On 29/06/2019 7:38 pm, Kristofer Munsterhjelm wrote:
> On 11/06/2019 00.23, C.Benham wrote:
>> On 8/06/2019 7:24 pm, Kristofer Munsterhjelm wrote:
>>>    ..I very much prefer methods that don't need Approval cutoffs.
>> Kristofer,
>>
>> Why is that?
> My objection to (relying too much on) Approval cutoffs is similar to my
> objection to Approval itself. It's hard to determine where to put an
> explicit Approval cutoff, and an implicit Approval cutoff can limit the
> method too much. In either case, it becomes harder for a honest voter to
> fill in the ballot in a way that he won't regret later on.
>
> There are multiple sincere Approval ballots, so the honest voter doesn't
> know, ahead of time, which he should answer without using some
> heuristic. In contrast, ranking is easy: the voter can just start from
> the best and rank in order. Determining what that order is may require
> some thought, but there's less of a burden finding out just how that
> information should be rendered to the method itself.
>
> That wouldn't be so much a problem if the method is lenient with noisy
> input; if the ambiguity in where to put Approval cutoffs is like the
> ambiguity in where to equal rank. I think that's why a criterion like
> Plurality seems useful: it gives something extra if voters use
> heuristics close to some intuitive idea of what approving a number of
> candidates means, but doesn't get it wrong if the heuristics are
> slightly off. In contrast, Approval requires that honest voters get the
> distinction just right: if the voters put the cutoff too low, then an
> unwanted compromise wins, but if the voters put it too high, then the
> lack of compromise makes someone from the other side win.
>
> So to sum up, I guess a reason I don't like Approval is because it
> burdens a honest voter too much; and the reason I don't like Approval
> cutoffs is that, at least if implicit, they transport that burden over
> to the method in question.
>
> It's possible that a method may use Approval cutoffs yet be lenient
> enough (i.e. more like how the Plurality criterion behaves than how
> Approval itself behaves).
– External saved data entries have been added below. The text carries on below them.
(* Let $F:\mathbb{R}^n\times\mathbb{R}^m\to\mathbb{R}^n$ be differentiable with $L_{\nabla F}$-Lipschitz gradient (with respect to the joint variable $(\mathbf{x},\mathbf{u})$), and suppose $\|F(\mathbf{x},\mathbf{u})-F(\mathbf{x}',\mathbf{u})\|\le L_F\|\mathbf{x}-\mathbf{x}'\|$ for all $\mathbf{x},\mathbf{x}',\mathbf{u}$, with $L_F\neq 1$. Fix $H\in\mathbb{N}$, an initial state $\mathbf{x}_0$, an action set $U\subseteq\mathbb{R}^m$, and a nominal sequence $(\bar{\mathbf{x}}_k,\bar{\mathbf{u}}_{k+1})_{k=0}^{H-1}$. Let $L_k$ be the linearization of $F$ about $(\bar{\mathbf{x}}_k,\bar{\mathbf{u}}_{k+1})$: $$L_k(\mathbf{x},\mathbf{u})=F(\bar{\mathbf{x}}_k,\bar{\mathbf{u}}_{k+1})+\nabla_{\mathbf{x}}F(\bar{\mathbf{x}}_k,\bar{\mathbf{u}}_{k+1})(\mathbf{x}-\bar{\mathbf{x}}_k)+\nabla_{\mathbf{u}}F(\bar{\mathbf{x}}_k,\bar{\mathbf{u}}_{k+1})(\mathbf{u}-\bar{\mathbf{u}}_{k+1}).$$ For an input sequence $\mathbf{u}_{[H]}=(\mathbf{u}_1,\dots,\mathbf{u}_H)\in U^H$, define the nonlinear rollout $\xi_0=\mathbf{x}_0$, $\xi_{k+1}=F(\xi_k,\mathbf{u}_{k+1})$ and the linearized rollout $\eta_0=\mathbf{x}_0$, $\eta_{k+1}=L_k(\eta_k,\mathbf{u}_{k+1})$, and set $F^H(\mathbf{x}_0,\mathbf{u}_{[H]})=\xi_H$, $L^H(\mathbf{x}_0,\mathbf{u}_{[H]})=\eta_H$. Let $$\varepsilon_H=\sup_{\mathbf{u}_{[H]}\in U^H}\ \max_{0\le k\le H-1}\big\|(\eta_k,\mathbf{u}_{k+1})-(\bar{\mathbf{x}}_k,\bar{\mathbf{u}}_{k+1})\big\|$$ and assume $\varepsilon_H<\infty$. Then $$d_S\big(\{F^H(\mathbf{x}_0,\mathbf{u}_{[H]}):\mathbf{u}_{[H]}\in U^H\},\ \{L^H(\mathbf{x}_0,\mathbf{u}_{[H]}):\mathbf{u}_{[H]}\in U^H\}\big)\le\frac{L_F^H-1}{L_F-1}\cdot\frac12 L_{\nabla F}\,\varepsilon_H^2 .$$
   Context: For $a\in\mathbb{R}^n$ and $M\subseteq\mathbb{R}^n$, $d(a,M)=\inf_{m\in M}\|a-m\|$; the Hausdorff distance between $M,N\subseteq\mathbb{R}^n$ is $d_S(M,N)=\max\{\sup_{m\in M}d(m,N),\ \sup_{n\in N}d(n,M)\}$. Norms are Euclidean. *)

theory Defs
  imports "HOL-Analysis.Analysis"
begin

definition hausdorff_dist :: "'a::metric_space set \<Rightarrow> 'a set \<Rightarrow> ereal" where
  "hausdorff_dist M N =
     max (SUP m\<in>M. ereal (infdist m N)) (SUP n\<in>N. ereal (infdist n M))"

primrec nl_rollout ::
  "('a \<Rightarrow> 'b \<Rightarrow> 'a) \<Rightarrow> 'a \<Rightarrow> (nat \<Rightarrow> 'b) \<Rightarrow> nat \<Rightarrow> 'a" where
  "nl_rollout F x0 u 0 = x0"
| "nl_rollout F x0 u (Suc k) = F (nl_rollout F x0 u k) (u (Suc k))"

text \<open>Linearization L_k of F about (xb k, ub (k+1)); F' p is the (joint) derivative
  of F at p, so F' p (v,0) is the x-partial and F' p (0,w) the u-partial.\<close>
definition linearization ::
  "('a::real_normed_vector \<Rightarrow> 'b::real_normed_vector \<Rightarrow> 'a) \<Rightarrow> ('a \<times> 'b \<Rightarrow> 'a \<times> 'b \<Rightarrow> 'a)
   \<Rightarrow> (nat \<Rightarrow> 'a) \<Rightarrow> (nat \<Rightarrow> 'b) \<Rightarrow> nat \<Rightarrow> 'a \<Rightarrow> 'b \<Rightarrow> 'a" where
  "linearization F F' xb ub k x u =
     F (xb k) (ub (Suc k))
     + F' (xb k, ub (Suc k)) (x - xb k, 0)
     + F' (xb k, ub (Suc k)) (0, u - ub (Suc k))"

primrec lin_rollout ::
  "('a::real_normed_vector \<Rightarrow> 'b::real_normed_vector \<Rightarrow> 'a) \<Rightarrow> ('a \<times> 'b \<Rightarrow> 'a \<times> 'b \<Rightarrow> 'a)
   \<Rightarrow> (nat \<Rightarrow> 'a) \<Rightarrow> (nat \<Rightarrow> 'b) \<Rightarrow> 'a \<Rightarrow> (nat \<Rightarrow> 'b) \<Rightarrow> nat \<Rightarrow> 'a" where
  "lin_rollout F F' xb ub x0 u 0 = x0"
| "lin_rollout F F' xb ub x0 u (Suc k) =
     linearization F F' xb ub k (lin_rollout F F' xb ub x0 u k) (u (Suc k))"

definition input_seqs :: "'b set \<Rightarrow> nat \<Rightarrow> (nat \<Rightarrow> 'b) set" where
  "input_seqs U H = {u. \<forall>k\<in>{1..H}. u k \<in> U}"

definition lin_dev ::
  "('a::real_normed_vector \<Rightarrow> 'b::real_normed_vector \<Rightarrow> 'a) \<Rightarrow> ('a \<times> 'b \<Rightarrow> 'a \<times> 'b \<Rightarrow> 'a)
   \<Rightarrow> (nat \<Rightarrow> 'a) \<Rightarrow> (nat \<Rightarrow> 'b) \<Rightarrow> 'a \<Rightarrow> nat \<Rightarrow> (nat \<Rightarrow> 'b) \<Rightarrow> real" where
  "lin_dev F F' xb ub x0 H u =
     Max ((\<lambda>k. norm ((lin_rollout F F' xb ub x0 u k, u (Suc k)) - (xb k, ub (Suc k)))) ` {..<H})"

definition eps_H ::
  "('a::real_normed_vector \<Rightarrow> 'b::real_normed_vector \<Rightarrow> 'a) \<Rightarrow> ('a \<times> 'b \<Rightarrow> 'a \<times> 'b \<Rightarrow> 'a)
   \<Rightarrow> (nat \<Rightarrow> 'a) \<Rightarrow> (nat \<Rightarrow> 'b) \<Rightarrow> 'a \<Rightarrow> 'b set \<Rightarrow> nat \<Rightarrow> real" where
  "eps_H F F' xb ub x0 U H = Sup (lin_dev F F' xb ub x0 H ` input_seqs U H)"

end

theory Submission
  imports Defs
begin

text \<open>Along the nominal trajectory the linearization differs from F by a Taylor remainder,
  which the Lipschitz derivative bounds by LdF/2 times the squared deviation, itself at most
  eps_H squared. Hence the rollout errors e_k satisfy e_(k+1) <= LF e_k + LdF eps_H^2 / 2 with
  e_0 = 0, and the geometric series bounds e_H. Both reachable sets are images of the same
  input sequences, so this uniform bound on e_H bounds their Hausdorff distance.\<close>

lemma taylor_remainder_bound:
  fixes f :: "'a::real_normed_vector \<Rightarrow> 'b::real_normed_vector"
  assumes deriv: "\<And>p. (f has_derivative f' p) (at p)"
    and deriv_lip: "\<And>p q. onorm (\<lambda>v. f' p v - f' q v) \<le> L * dist p q"
  shows "norm (f y - f x - f' x (y - x)) \<le> L / 2 * (norm (y - x))\<^sup>2"
proof -
  define h where "h = y - x"
  define G where "G t = f (x + t *\<^sub>R h) - t *\<^sub>R f' x h" for t :: real
  define P where "P t = L * (norm h)\<^sup>2 / 2 * t\<^sup>2" for t :: real
  have linear: "bounded_linear (f' p)" for p
    using deriv by blast
  have G_deriv: "(G has_vector_derivative (f' (x + t *\<^sub>R h) h - f' x h)) (at t)" for t
  proof -
    have "((\<lambda>t. x + t *\<^sub>R h) has_derivative (\<lambda>s. s *\<^sub>R h)) (at t)"
      by (auto intro!: derivative_eq_intros)
    then have "((\<lambda>t. f (x + t *\<^sub>R h)) has_derivative (\<lambda>s. f' (x + t *\<^sub>R h) (s *\<^sub>R h))) (at t)"
      by (rule has_derivative_compose[OF _ deriv])
    then have "(G has_derivative (\<lambda>s. f' (x + t *\<^sub>R h) (s *\<^sub>R h) - s *\<^sub>R f' x h)) (at t)"
      unfolding G_def by (rule has_derivative_diff) (auto intro!: derivative_eq_intros)
    moreover have "(\<lambda>s. f' (x + t *\<^sub>R h) (s *\<^sub>R h) - s *\<^sub>R f' x h)
        = (\<lambda>s. s *\<^sub>R (f' (x + t *\<^sub>R h) h - f' x h))"
      using linear_scale[OF bounded_linear.linear[OF linear]] by (auto simp: algebra_simps)
    ultimately show ?thesis
      unfolding has_vector_derivative_def by simp
  qed
  have P_deriv: "(P has_vector_derivative (L * (norm h)\<^sup>2 * t)) (at t)" for t
    unfolding P_def has_real_derivative_iff_has_vector_derivative[symmetric]
    by (auto intro!: derivative_eq_intros)
  have G'_le_P': "norm (f' (x + t *\<^sub>R h) h - f' x h) \<le> L * (norm h)\<^sup>2 * t" if "0 < t" for t
  proof -
    have "bounded_linear (\<lambda>v. f' (x + t *\<^sub>R h) v - f' x v)"
      using linear bounded_linear_sub by blast
    then have "norm (f' (x + t *\<^sub>R h) h - f' x h)
        \<le> onorm (\<lambda>v. f' (x + t *\<^sub>R h) v - f' x v) * norm h"
      by (rule onorm)
    also have "\<dots> \<le> L * dist (x + t *\<^sub>R h) x * norm h"
      by (rule mult_right_mono[OF deriv_lip]) simp
    also have "\<dots> = L * (norm h)\<^sup>2 * t"
      using that by (simp add: dist_norm power2_eq_square)
    finally show ?thesis .
  qed
  have "continuous_on {0..1} G"
    using G_deriv by (meson continuous_at_imp_continuous_on has_vector_derivative_continuous)
  moreover have "continuous_on {0..1} P"
    unfolding P_def by (intro continuous_intros)
  ultimately have "norm (G 1 - G 0) \<le> P 1 - P 0"
    by (intro differentiable_bound_general[OF zero_less_one _ _ G_deriv P_deriv G'_le_P']) auto
  moreover have "G 1 - G 0 = f y - f x - f' x (y - x)"
    by (simp add: G_def h_def)
  ultimately show ?thesis
    by (simp add: P_def h_def)
qed

lemma bound_const_nonneg:
  fixes d :: "'a::euclidean_space \<Rightarrow> 'a \<Rightarrow> real"
  assumes "\<And>x y. 0 \<le> d x y" and "\<And>x y. d x y \<le> L * dist x y"
  shows "0 \<le> L"
proof -
  obtain b :: 'a where "b \<in> Basis"
    using nonempty_Basis by blast
  then have "dist b 0 = 1"
    by simp
  then show ?thesis
    using assms(1)[of b 0] assms(2)[of b 0] by simp
qed

lemma linearization_error:
  fixes F :: "'a::real_normed_vector \<Rightarrow> 'b::real_normed_vector \<Rightarrow> 'a"
  assumes deriv: "\<And>p. ((\<lambda>q. F (fst q) (snd q)) has_derivative F' p) (at p)"
    and grad_lip: "\<And>p q. onorm (\<lambda>v. F' p v - F' q v) \<le> LdF * dist p q"
  shows "norm (F x u - linearization F F' xb ub k x u)
           \<le> LdF / 2 * (norm ((x, u) - (xb k, ub (Suc k))))\<^sup>2"
proof -
  let ?p = "(x, u)" and ?pb = "(xb k, ub (Suc k))"
  have "F' ?pb (x - xb k, 0) + F' ?pb (0, u - ub (Suc k)) = F' ?pb (?p - ?pb)"
    using linear_add[OF bounded_linear.linear, of "F' ?pb" "(x - xb k, 0)" "(0, u - ub (Suc k))"]
      deriv by (auto simp: has_derivative_def)
  then have "F x u - linearization F F' xb ub k x u
      = F (fst ?p) (snd ?p) - F (fst ?pb) (snd ?pb) - F' ?pb (?p - ?pb)"
    by (simp add: linearization_def algebra_simps)
  also have "norm \<dots> \<le> LdF / 2 * (norm (?p - ?pb))\<^sup>2"
    using taylor_remainder_bound[OF deriv grad_lip] .
  finally show ?thesis .
qed

lemma affine_recurrence_bound:
  fixes e :: "nat \<Rightarrow> real"
  assumes "e 0 = 0" and "0 \<le> L"
    and step: "\<And>k. k < H \<Longrightarrow> e (Suc k) \<le> L * e k + c"
  shows "e H \<le> c * (\<Sum>i<H. L ^ i)"
proof -
  have "k \<le> H \<Longrightarrow> e k \<le> c * (\<Sum>i<k. L ^ i)" for k
  proof (induction k)
    case 0
    then show ?case using assms(1) by simp
  next
    case (Suc k)
    then have "e (Suc k) \<le> L * e k + c"
      using step by simp
    also have "\<dots> \<le> L * (c * (\<Sum>i<k. L ^ i)) + c"
      using Suc assms(2) by (simp add: mult_left_mono)
    also have "\<dots> = c * (\<Sum>i<Suc k. L ^ i)"
      by (simp only: sum.lessThan_Suc_shift) (simp add: sum_distrib_left algebra_simps)
    finally show ?case .
  qed
  then show ?thesis by simp
qed

lemma hausdorff_dist_image_le:
  fixes f g :: "'c \<Rightarrow> 'a::metric_space"
  assumes "\<And>a. a \<in> A \<Longrightarrow> dist (f a) (g a) \<le> B"
  shows "hausdorff_dist (f ` A) (g ` A) \<le> ereal B"
proof -
  have one_side: "(SUP m\<in>f ` A. ereal (infdist m (g ` A))) \<le> ereal B"
    if "\<And>a. a \<in> A \<Longrightarrow> dist (f a) (g a) \<le> B" for f g :: "'c \<Rightarrow> 'a"
  proof (rule SUP_least, clarify)
    fix a assume "a \<in> A"
    then have "infdist (f a) (g ` A) \<le> dist (f a) (g a)"
      by (intro infdist_le) auto
    with that \<open>a \<in> A\<close> show "ereal (infdist (f a) (g ` A)) \<le> ereal B"
      by force
  qed
  show ?thesis
    unfolding hausdorff_dist_def
    using one_side[of f g] one_side[of g f] assms by (simp add: dist_commute)
qed

lemma lin_dev_le_eps_H:
  assumes "bdd_above (lin_dev F F' xb ub x0 H ` input_seqs U H)"
    and "u \<in> input_seqs U H" and "k < H"
  shows "norm ((lin_rollout F F' xb ub x0 u k, u (Suc k)) - (xb k, ub (Suc k)))
           \<le> eps_H F F' xb ub x0 U H"
proof -
  have "norm ((lin_rollout F F' xb ub x0 u k, u (Suc k)) - (xb k, ub (Suc k)))
      \<le> lin_dev F F' xb ub x0 H u"
    unfolding lin_dev_def by (rule Max_ge) (use assms(3) in auto)
  also have "\<dots> \<le> eps_H F F' xb ub x0 U H"
    unfolding eps_H_def by (rule cSup_upper) (use assms in auto)
  finally show ?thesis .
qed

lemma rollout_error_bound:
  fixes F :: "'a::real_normed_vector \<Rightarrow> 'b::real_normed_vector \<Rightarrow> 'a"
  assumes deriv: "\<And>p. ((\<lambda>q. F (fst q) (snd q)) has_derivative F' p) (at p)"
    and grad_lip: "\<And>p q. onorm (\<lambda>v. F' p v - F' q v) \<le> LdF * dist p q"
    and F_lip: "\<And>x x' u. norm (F x u - F x' u) \<le> LF * norm (x - x')"
    and "0 \<le> LdF" and "0 \<le> LF"
    and dev: "\<And>k. k < H \<Longrightarrow>
      norm ((lin_rollout F F' xb ub x0 u k, u (Suc k)) - (xb k, ub (Suc k))) \<le> \<epsilon>"
  shows "norm (nl_rollout F x0 u H - lin_rollout F F' xb ub x0 u H)
           \<le> LdF / 2 * \<epsilon>\<^sup>2 * (\<Sum>i<H. LF ^ i)"
proof -
  define e where "e k = norm (nl_rollout F x0 u k - lin_rollout F F' xb ub x0 u k)" for k
  have "e (Suc k) \<le> LF * e k + LdF / 2 * \<epsilon>\<^sup>2" if "k < H" for k
  proof -
    let ?\<xi> = "nl_rollout F x0 u k" and ?\<eta> = "lin_rollout F F' xb ub x0 u k"
    have "(norm ((?\<eta>, u (Suc k)) - (xb k, ub (Suc k))))\<^sup>2 \<le> \<epsilon>\<^sup>2"
      using dev[OF that] by (intro power_mono) auto
    then have remainder: "norm (F ?\<eta> (u (Suc k)) - linearization F F' xb ub k ?\<eta> (u (Suc k)))
        \<le> LdF / 2 * \<epsilon>\<^sup>2"
      using linearization_error[OF deriv grad_lip, of ?\<eta> "u (Suc k)" xb ub k] \<open>0 \<le> LdF\<close>
      by (smt (verit) divide_nonneg_nonneg mult_left_mono)
    show ?thesis
      unfolding e_def nl_rollout.simps lin_rollout.simps
      by (rule norm_diff_triangle_le[OF F_lip[THEN order_trans] remainder]) (simp add: e_def)
  qed
  then have "e H \<le> LdF / 2 * \<epsilon>\<^sup>2 * (\<Sum>i<H. LF ^ i)"
    by (intro affine_recurrence_bound) (auto simp: e_def \<open>0 \<le> LF\<close>)
  then show ?thesis
    by (simp add: e_def)
qed

theorem lemma2:
  fixes F :: "real^'n \<Rightarrow> real^'m \<Rightarrow> real^'n"
    and F' :: "(real^'n) \<times> (real^'m) \<Rightarrow> (real^'n) \<times> (real^'m) \<Rightarrow> real^'n"
    and LdF LF :: real and H :: nat and x0 :: "real^'n" and U :: "(real^'m) set"
    and xb :: "nat \<Rightarrow> real^'n" and ub :: "nat \<Rightarrow> real^'m"
  assumes deriv: "\<And>p. ((\<lambda>q. F (fst q) (snd q)) has_derivative F' p) (at p)"
    and grad_lip: "\<And>p q. onorm (\<lambda>v. F' p v - F' q v) \<le> LdF * dist p q"
    and F_lip: "\<And>x x' u. norm (F x u - F x' u) \<le> LF * norm (x - x')"
    and LF_ne1: "LF \<noteq> 1"
    and eps_fin: "bdd_above (lin_dev F F' xb ub x0 H ` input_seqs U H)"
  shows "hausdorff_dist
           ((\<lambda>u. nl_rollout F x0 u H) ` input_seqs U H)
           ((\<lambda>u. lin_rollout F F' xb ub x0 u H) ` input_seqs U H)
         \<le> ereal ((LF ^ H - 1) / (LF - 1) * (1 / 2 * LdF * (eps_H F F' xb ub x0 U H)\<^sup>2))"
proof (rule hausdorff_dist_image_le)
  have LdF_nonneg: "0 \<le> LdF"
  proof (rule bound_const_nonneg)
    show "0 \<le> onorm (\<lambda>v. F' p v - F' q v)" for p q
      using deriv by (intro onorm_pos_le bounded_linear_sub) (auto simp: has_derivative_def)
  qed (rule grad_lip)
  have LF_nonneg: "0 \<le> LF"
    by (rule bound_const_nonneg[of "\<lambda>x x'. norm (F x 0 - F x' 0)"])
      (use F_lip in \<open>auto simp: dist_norm\<close>)
  have "(\<Sum>i<H. LF ^ i) = (LF ^ H - 1) / (LF - 1)"
    using LF_ne1 by (simp add: sum_gp_strict) (simp add: field_simps)
  then show "dist (nl_rollout F x0 u H) (lin_rollout F F' xb ub x0 u H)
      \<le> (LF ^ H - 1) / (LF - 1) * (1 / 2 * LdF * (eps_H F F' xb ub x0 U H)\<^sup>2)"
    if "u \<in> input_seqs U H" for u
    using rollout_error_bound[where H = H, OF deriv grad_lip F_lip LdF_nonneg LF_nonneg
        lin_dev_le_eps_H[OF eps_fin that]]
    by (simp add: dist_norm mult_ac)
qed

end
In that case, I suppose they're okay. But it's
> not easy to know, from the ballot format itself, which it is.
>
> (Perhaps one indication of such is whether the method works if nobody
> uses the approval cutoff indicator, or everybody places it at the very
> top or very bottom. Methods that pass Plurality still work if every
> voter ranks every candidate, but Approval would give a perfect tie.)